text \<open>Points of R^(p+q) are pairs (x,y) with x :: real^'p, y :: real^'q.
  Vectors in R^(m+1) are pairs (u,t) with u :: real^'m (= v_{1..m}) and t :: real (= v_{m+1}).\<close>

definition polyP :: "real^'p^'m \<Rightarrow> real^'q^'m \<Rightarrow> real^'m \<Rightarrow> ((real^'p) \<times> (real^'q)) set" where
  "polyP A G b = {(x, y). \<forall>i. (A *v x + G *v y) $ i \<le> b $ i}"

definition integer_hull :: "((real^'p) \<times> (real^'q)) set \<Rightarrow> ((real^'p) \<times> (real^'q)) set" where
  "integer_hull S = convex hull {(x, y) \<in> S. \<forall>j. x $ j \<in> \<int>}"

definition valid_ineq :: "real^'p \<Rightarrow> real^'q \<Rightarrow> real \<Rightarrow> ((real^'p) \<times> (real^'q)) set \<Rightarrow> bool" where
  "valid_ineq c h \<gamma> S \<longleftrightarrow> (\<forall>(x, y) \<in> S. c \<bullet> x + h \<bullet> y \<le> \<gamma>)"

definition coneQ :: "real^'q^'m \<Rightarrow> real^'q \<Rightarrow> ((real^'m) \<times> real) set" where
  "coneQ G h = {(u, t). u v* G - t *\<^sub>R h = 0 \<and> (\<forall>i. 0 \<le> u $ i) \<and> 0 \<le> t}"

definition ray :: "'a::real_vector \<Rightarrow> 'a set" where
  "ray w = {s *\<^sub>R w | s. 0 \<le> s}"

definition extreme_ray :: "'a::real_vector set \<Rightarrow> 'a set \<Rightarrow> bool" where
  "extreme_ray C S \<longleftrightarrow> (\<exists>w. w \<noteq> 0 \<and> S = ray w \<and> S face_of C)"

end

theory Submission
  imports Defs
begin

(* The cut  c x + h y \<le> \<gamma>hat  is obtained by projecting out the continuous variables y.
   For fixed x, the value  max {c x + h y : (x,y) \<in> P}  is at least \<gamma> exactly when every
   extreme ray v = (u,t) of the cone Q satisfies  (u A - t c) x \<le> u b - t \<gamma>.  This projection
   theorem follows from a Farkas alternative together with the fact that a pointed closed
   convex cone is generated by its extreme rays (via Krein-Milman on a compact base). *)


subsection \<open>A Farkas alternative\<close>

lemma nonneg_combinations_convex_cone:
  fixes g :: "'i \<Rightarrow> 'a::real_vector"
  shows "convex_cone {\<Sum>i\<in>I. l i *\<^sub>R g i | l. \<forall>i\<in>I. 0 \<le> l i}"
  unfolding convex_cone_iff
proof (intro conjI ballI allI impI)
  show "0 \<in> {\<Sum>i\<in>I. l i *\<^sub>R g i | l. \<forall>i\<in>I. 0 \<le> l i}"
    by (intro CollectI exI[of _ "\<lambda>_. 0"]) simp
next
  fix x y assume "x \<in> {\<Sum>i\<in>I. l i *\<^sub>R g i | l. \<forall>i\<in>I. 0 \<le> l i}"
    and "y \<in> {\<Sum>i\<in>I. l i *\<^sub>R g i | l. \<forall>i\<in>I. 0 \<le> l i}"
  then obtain l l' where "x = (\<Sum>i\<in>I. l i *\<^sub>R g i)" "\<forall>i\<in>I. 0 \<le> l i"
    and "y = (\<Sum>i\<in>I. l' i *\<^sub>R g i)" "\<forall>i\<in>I. 0 \<le> l' i" by blast
  then show "x + y \<in> {\<Sum>i\<in>I. l i *\<^sub>R g i | l. \<forall>i\<in>I. 0 \<le> l i}"
    by (intro CollectI exI[of _ "\<lambda>i. l i + l' i"]) (simp add: scaleR_add_left sum.distrib)
next
  fix x and s :: real assume "x \<in> {\<Sum>i\<in>I. l i *\<^sub>R g i | l. \<forall>i\<in>I. 0 \<le> l i}" and "0 \<le> s"
  then obtain l where "x = (\<Sum>i\<in>I. l i *\<^sub>R g i)" "\<forall>i\<in>I. 0 \<le> l i" by blast
  with \<open>0 \<le> s\<close> show "s *\<^sub>R x \<in> {\<Sum>i\<in>I. l i *\<^sub>R g i | l. \<forall>i\<in>I. 0 \<le> l i}"
    by (intro CollectI exI[of _ "\<lambda>i. s * l i"]) (simp add: scaleR_sum_right)
qed

lemma convex_cone_hull_nonneg_combination:
  fixes g :: "'i \<Rightarrow> 'a::real_vector"
  assumes "finite I" and "z \<in> convex_cone hull (g ` I)"
  obtains l where "\<forall>i\<in>I. 0 \<le> l i" and "z = (\<Sum>i\<in>I. l i *\<^sub>R g i)"
proof -
  have "g j \<in> {\<Sum>i\<in>I. l i *\<^sub>R g i | l. \<forall>i\<in>I. 0 \<le> l i}" if "j \<in> I" for j
  proof -
    have "(\<Sum>i\<in>I. (if i = j then 1 else 0) *\<^sub>R g i) = g j"
      using that assms(1) by (simp add: if_distrib[of "\<lambda>s. s *\<^sub>R _"] cong: if_cong)
    then show ?thesis by (intro CollectI exI[of _ "\<lambda>i. if i = j then 1 else 0"]) auto
  qed
  then have "convex_cone hull (g ` I) \<subseteq> {\<Sum>i\<in>I. l i *\<^sub>R g i | l. \<forall>i\<in>I. 0 \<le> l i}"
    by (intro hull_minimal nonneg_combinations_convex_cone) blast
  with assms(2) that show thesis by blast
qed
•••••
## Problem requirements
What is needed is a word-for-word copy of all the entries.

## Result for this exercise
text \<open>Points of R^(p+q) are pairs (x,y) with x :: real^'p, y :: real^'q.
  Vectors in R^(m+1) are pairs (u,t) with u :: real^'m (= v_{1..m}) and t :: real (= v_{m+1}).\<close>

definition polyP :: "real^'p^'m \<Rightarrow> real^'q^'m \<Rightarrow> real^'m \<Rightarrow> ((real^'p) \<times> (real^'q)) set" where
  "polyP A G b = {(x, y). \<forall>i. (A *v x + G *v y) $ i \<le> b $ i}"

definition integer_hull :: "((real^'p) \<times> (real^'q)) set \<Rightarrow> ((real^'p) \<times> (real^'q)) set" where
  "integer_hull S = convex hull {(x, y) \<in> S. \<forall>j. x $ j \<in> \<int>}"

definition valid_ineq :: "real^'p \<Rightarrow> real^'q \<Rightarrow> real \<Rightarrow> ((real^'p) \<times> (real^'q)) set \<Rightarrow> bool" where
  "valid_ineq c h \<gamma> S \<longleftrightarrow> (\<forall>(x, y) \<in> S. c \<bullet> x + h \<bullet> y \<le> \<gamma>)"

definition coneQ :: "real^'q^'m \<Rightarrow> real^'q \<Rightarrow> ((real^'m) \<times> real) set" where
  "coneQ G h = {(u, t). u v* G - t *\<^sub>R h = 0 \<and> (\<forall>i. 0 \<le> u $ i) \<and> 0 \<le> t}"

definition ray :: "'a::real_vector \<Rightarrow> 'a set" where
  "ray w = {s *\<^sub>R w | s. 0 \<le> s}"

definition extreme_ray :: "'a::real_vector set \<Rightarrow> 'a set \<Rightarrow> bool" where
  "extreme_ray C S \<longleftrightarrow> (\<exists>w. w \<noteq> 0 \<and> S = ray w \<and> S face_of C)"

end

theory Submission
  imports Defs
begin

(* The cut  c x + h y \<le> \<gamma>hat  is obtained by projecting out the continuous variables y.
   For fixed x, the value  max {c x + h y : (x,y) \<in> P}  is at least \<gamma> exactly when every
   extreme ray v = (u,t) of the cone Q satisfies  (u A - t c) x \<le> u b - t \<gamma>.  This projection
   theorem follows from a Farkas alternative together with the fact that a pointed closed
   convex cone is generated by its extreme rays (via Krein-Milman on a compact base). *)


subsection \<open>A Farkas alternative\<close>

lemma nonneg_combinations_convex_cone:
  fixes g :: "'i \<Rightarrow> 'a::real_vector"
  shows "convex_cone {\<Sum>i\<in>I. l i *\<^sub>R g i | l. \<forall>i\<in>I. 0 \<le> l i}"
  unfolding convex_cone_iff
proof (intro conjI ballI allI impI)
  show "0 \<in> {\<Sum>i\<in>I. l i *\<^sub>R g i | l. \<forall>i\<in>I. 0 \<le> l i}"
    by (intro CollectI exI[of _ "\<lambda>_. 0"]) simp
next
  fix x y assume "x \<in> {\<Sum>i\<in>I. l i *\<^sub>R g i | l. \<forall>i\<in>I. 0 \<le> l i}"
    and "y \<in> {\<Sum>i\<in>I. l i *\<^sub>R g i | l. \<forall>i\<in>I. 0 \<le> l i}"
  then obtain l l' where "x = (\<Sum>i\<in>I. l i *\<^sub>R g i)" "\<forall>i\<in>I. 0 \<le> l i"
    and "y = (\<Sum>i\<in>I. l' i *\<^sub>R g i)" "\<forall>i\<in>I. 0 \<le> l' i" by blast
  then show "x + y \<in> {\<Sum>i\<in>I. l i *\<^sub>R g i | l. \<forall>i\<in>I. 0 \<le> l i}"
    by (intro CollectI exI[of _ "\<lambda>i. l i + l' i"]) (simp add: scaleR_add_left sum.distrib)
next
  fix x and s :: real assume "x \<in> {\<Sum>i\<in>I. l i *\<^sub>R g i | l. \<forall>i\<in>I. 0 \<le> l i}" and "0 \<le> s"
  then obtain l where "x = (\<Sum>i\<in>I. l i *\<^sub>R g i)" "\<forall>i\<in>I. 0 \<le> l i" by blast
  with \<open>0 \<le> s\<close> show "s *\<^sub>R x \<in> {\<Sum>i\<in>I. l i *\<^sub>R g i | l. \<forall>i\<in>I. 0 \<le> l i}"
    by (intro CollectI exI[of _ "\<lambda>i. s * l i"]) (simp add: scaleR_sum_right)
qed

lemma convex_cone_hull_nonneg_combination:
  fixes g :: "'i \<Rightarrow> 'a::real_vector"
  assumes "finite I" and "z \<in> convex_cone hull (g ` I)"
  obtains l where "\<forall>i\<in>I. 0 \<le> l i" and "z = (\<Sum>i\<in>I. l i *\<^sub>R g i)"
proof -
  have "g j \<in> {\<Sum>i\<in>I. l i *\<^sub>R g i | l. \<forall>i\<in>I. 0 \<le> l i}" if "j \<in> I" for j
  proof -
    have "(\<Sum>i\<in>I. (if i = j then 1 else 0) *\<^sub>R g i) = g j"
      using that assms(1) by (simp add: if_distrib[of "\<lambda>s. s *\<^sub>R _"] cong: if_cong)
    then show ?thesis by (intro CollectI exI[of _ "\<lambda>i. if i = j then 1 else 0"]) auto
  qed
  then have "convex_cone hull (g ` I) \<subseteq> {\<Sum>i\<in>I. l i *\<^sub>R g i | l. \<forall>i\<in>I. 0 \<le> l i}"
    by (intro hull_minimal nonneg_combinations_convex_cone) blast
  with assms(2) that show thesis by blast
qed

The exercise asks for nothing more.